Step 2: Write Spark SQL code:

from pyspark.sql import SparkSession
from pyspark.sql.types import *
import os
import sqlite3


os.environ['HADOOP_HOME']='C:\\hadoop'
spark=SparkSession.builder.master('local').config('spark.jars.packages','mysql:mysql-connector-java:5.1.44,com.databricks:spark-xml_2.11:0.4.1').appName('demoapp').getOrCreate()
print(spark)

# A JSON dataset is pointed to by path.
# The path can be either a single text file or a directory storing text files
Path="C:\\Users\\cloudvikas\\Downloads\\example_2.json"
df1=spark.read.json(path)

# The inferred schema can be visualized using the printSchema() method

df1.printSchema()

# Creates a temporary view using the DataFrame

df1.createOrReplaceTempView("student")
# SQL statements can be run by using the sql methods provided by spark

data1=spark.sql("select * from student")
data1.show()

Step 3: Execute this script :

We are executing in pycharm:

There is an issue found while executing:

Issue is related to json file.

Since Spark 2.3, the queries from raw JSON/CSV files are disallowed when the referenced columns only include the internal corrupt record column.We must keep data in single line when we are using json file.

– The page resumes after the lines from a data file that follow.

lemma inner_adj_last_two_iff:
  assumes "\<And>a b. adj a b \<Longrightarrow> adj b a" and "\<And>a. \<not> adj a a"
    and e: "sierpinski_edge_at adj n d u v" and "length u = n" "length v = n" "2 \<le> n"
  shows "inner_adj adj (last_two u) (last_two v) \<longleftrightarrow> d = n - 1"
proof -
  have "d < n" using e unfolding sierpinski_edge_at_def by simp
  then have "d = n - 1 \<or> d = n - 2 \<or> d < n - 2" by linarith
  then show ?thesis
    using last_two_sierpinski_edge_at[of adj n d u v] inner_adj_disjoint[of adj] assms by metis
qed

lemma sierpinski_edge_at_below_top_unique:
  assumes irrefl: "\<And>a. \<not> adj a a"
    and x: "sierpinski_edge_at adj n d1 y x" "d1 < n - 1" "length x = n"
    and z: "sierpinski_edge_at adj n d2 y z" "d2 < n - 1" "length z = n"
  shows "x = z"
proof -
  have "y ! (n - 1) = x ! d1" "y ! (n - 1) = z ! d2"
    using x z unfolding sierpinski_edge_at_def by auto
  have "d1 = d2"
  proof (rule ccontr)
    assume "d1 \<noteq> d2"
    then consider "d1 < d2" | "d2 < d1" by linarith
    then show False
    proof cases
      case 1
      then have "y ! d2 = x ! d1" using x z unfolding sierpinski_edge_at_def by auto
      then show False using z irrefl \<open>y ! (n - 1) = x ! d1\<close> \<open>y ! (n - 1) = z ! d2\<close>
        unfolding sierpinski_edge_at_def by metis
    next
      case 2
      then have "y ! d1 = z ! d2" using x z unfolding sierpinski_edge_at_def by auto
      then show False using x irrefl \<open>y ! (n - 1) = x ! d1\<close> \<open>y ! (n - 1) = z ! d2\<close>
        unfolding sierpinski_edge_at_def by metis
    qed
  qed
  show "x = z"
  proof (rule nth_equalityI)
    fix i assume "i < length x"
    then have "i < d1 \<or> i = d1 \<or> d1 < i \<and> i < n" using x by auto
    then show "x ! i = z ! i"
      using x z \<open>d1 = d2\<close> \<open>y ! (n - 1) = x ! d1\<close> \<open>y ! (n - 1) = z ! d2\<close>
      unfolding sierpinski_edge_at_def by metis
  qed (use x z in simp)
qed
lemma has_real_derivative_integral_cmod:
  fixes f ft :: "real \<Rightarrow> real \<Rightarrow> complex"
  assumes "convex I" "t \<in> I"
    and "continuous_on (UNIV \<times> I) (\<lambda>(u,s). f u s)" "continuous_on (UNIV \<times> I) (\<lambda>(u,s). ft u s)"
    and "\<forall>u. \<forall>s\<in>I. ((\<lambda>s. f u s) has_vector_derivative ft u s) (at s within I)"
    and "\<And>u s. s \<in> I \<Longrightarrow> f u s \<noteq> 0"
  shows "((\<lambda>s. integral {a..b} (\<lambda>u. cmod (f u s))) has_real_derivative
      integral {a..b} (\<lambda>u. Re (cnj (sgn (f u t)) * ft u t))) (at t within I)"
proof -
  define D where "D s u = Re (cnj (sgn (f u s)) * ft u s)" for s u
  have "((\<lambda>s. integral (cbox a b) (\<lambda>u. cmod (f u s))) has_vector_derivative
      integral (cbox a b) (D t)) (at t within I)"
  proof (rule leibniz_rule_vector_derivative[where f="\<lambda>s u. cmod (f u s)" and fx=D])
    show "((\<lambda>s. cmod (f u s)) has_vector_derivative D s u) (at s within I)" if "s \<in> I" for s u
    proof -
      have "((\<lambda>s. cmod (f u s)) has_real_derivative Re (cnj (f u s) * ft u s) / cmod (f u s))
          (at s within I)"
        using assms(5,6) that by (intro has_real_derivative_cmod) auto
      then show ?thesis
        by (simp only: D_def Re_cnj_sgn_mult has_real_derivative_iff_has_vector_derivative)
    qed
    show "(\<lambda>u. cmod (f u s)) integrable_on cbox a b" if "s \<in> I" for s
      by (intro integrable_continuous continuous_on_norm
          continuous_on_fixed_snd[OF assms(3) that subset_UNIV])
    have "continuous_on (UNIV \<times> I) (\<lambda>x. f (fst x) (snd x))"
      and "continuous_on (UNIV \<times> I) (\<lambda>x. ft (fst x) (snd x))"
      using assms(3,4) by (simp_all add: split_beta)
    then have "continuous_on (UNIV \<times> I) (\<lambda>(u, s). D s u)"
      unfolding D_def split_beta using assms(6)
      by (intro continuous_on_Re continuous_on_mult continuous_on_cnj continuous_on_sgn) auto
    then show "continuous_on (I \<times> cbox a b) (\<lambda>(s, u). D s u)"
      by (rule continuous_on_subset[OF continuous_on_swap_args]) auto
  qed (use assms(1,2) in auto)
  then show ?thesis
    by (simp only: D_def[abs_def] interval_cbox has_real_derivative_iff_has_vector_derivative)
qed
lemma multiaffine_linearization_error:
  assumes "multiaffine \<Phi>" and "finite V" and "\<forall>x. x \<notin> V \<longrightarrow> p x = q x"
    and "\<And>z v. \<forall>x. z x = p x \<or> z x = q x \<Longrightarrow> v \<in> V \<Longrightarrow>
           \<bar>\<Phi> (z(v := 1)) - \<Phi> (z(v := 0)) - a v\<bar> \<le> \<kappa>"
  shows "\<bar>\<Phi> p - \<Phi> q - (\<Sum>v\<in>V. a v * (p v - q v))\<bar> \<le> \<kappa> * (\<Sum>v\<in>V. \<bar>p v - q v\<bar>)"
proof -
  obtain z where z: "\<forall>v x. z v x = p x \<or> z v x = q x"
    and eq: "\<Phi> p - \<Phi> q = (\<Sum>v\<in>V. (p v - q v) * (\<Phi> ((z v)(v := 1)) - \<Phi> ((z v)(v := 0))))"
    using multiaffine_telescope[OF assms(1-3)] by blast
  have "\<Phi> p - \<Phi> q - (\<Sum>v\<in>V. a v * (p v - q v)) =
      (\<Sum>v\<in>V. (p v - q v) * (\<Phi> ((z v)(v := 1)) - \<Phi> ((z v)(v := 0)) - a v))"
    unfolding eq by (simp add: sum_subtractf[symmetric] algebra_simps)
  also have "\<bar>\<dots>\<bar> \<le> (\<Sum>v\<in>V. \<bar>p v - q v\<bar> * \<kappa>)"
    using assms(4) z by (intro sum_abs[THEN order_trans] sum_mono) (auto simp: abs_mult mult_left_mono)
  finally show ?thesis by (simp add: sum_distrib_left mult.commute)
qed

Reason:Spark while processing json data considers each new line as a complete json. Thus it is failing.You should keep your complete json in a single line in a compact form by removing all white spaces and newlines.

Like

{"a":{"b":1}}

If you want multiple jsons in a single file keep them like this

{"a":{"b":1}}
{"a":{"b":2}}
{"a":{"b":3}} 

Lets update file in such way:

Through notepad++ -> EDIT option->Blank operations.


[{ "id": 1, "first_name": "Jeanette", "last_name": "Penddreth", "email": "vikas1", "gender": "Female", "ip_address": "26.58.193.2" }, { "id": 2, "first_name": "Giavani", "last_name": "Frediani", "email": "vikas2", "gender": "Male", "ip_address": "229.179.4.212" }, { "id": 3, "first_name": "Noell", "last_name": "Bea", "email": "vikas3", "gender": "Female", "ip_address": "180.66.162.255" }, { "id": 4, "first_name": "Willard", "last_name": "Valek", "email": "vikas4", "gender": "Male", "ip_address": "67.76.188.26" }]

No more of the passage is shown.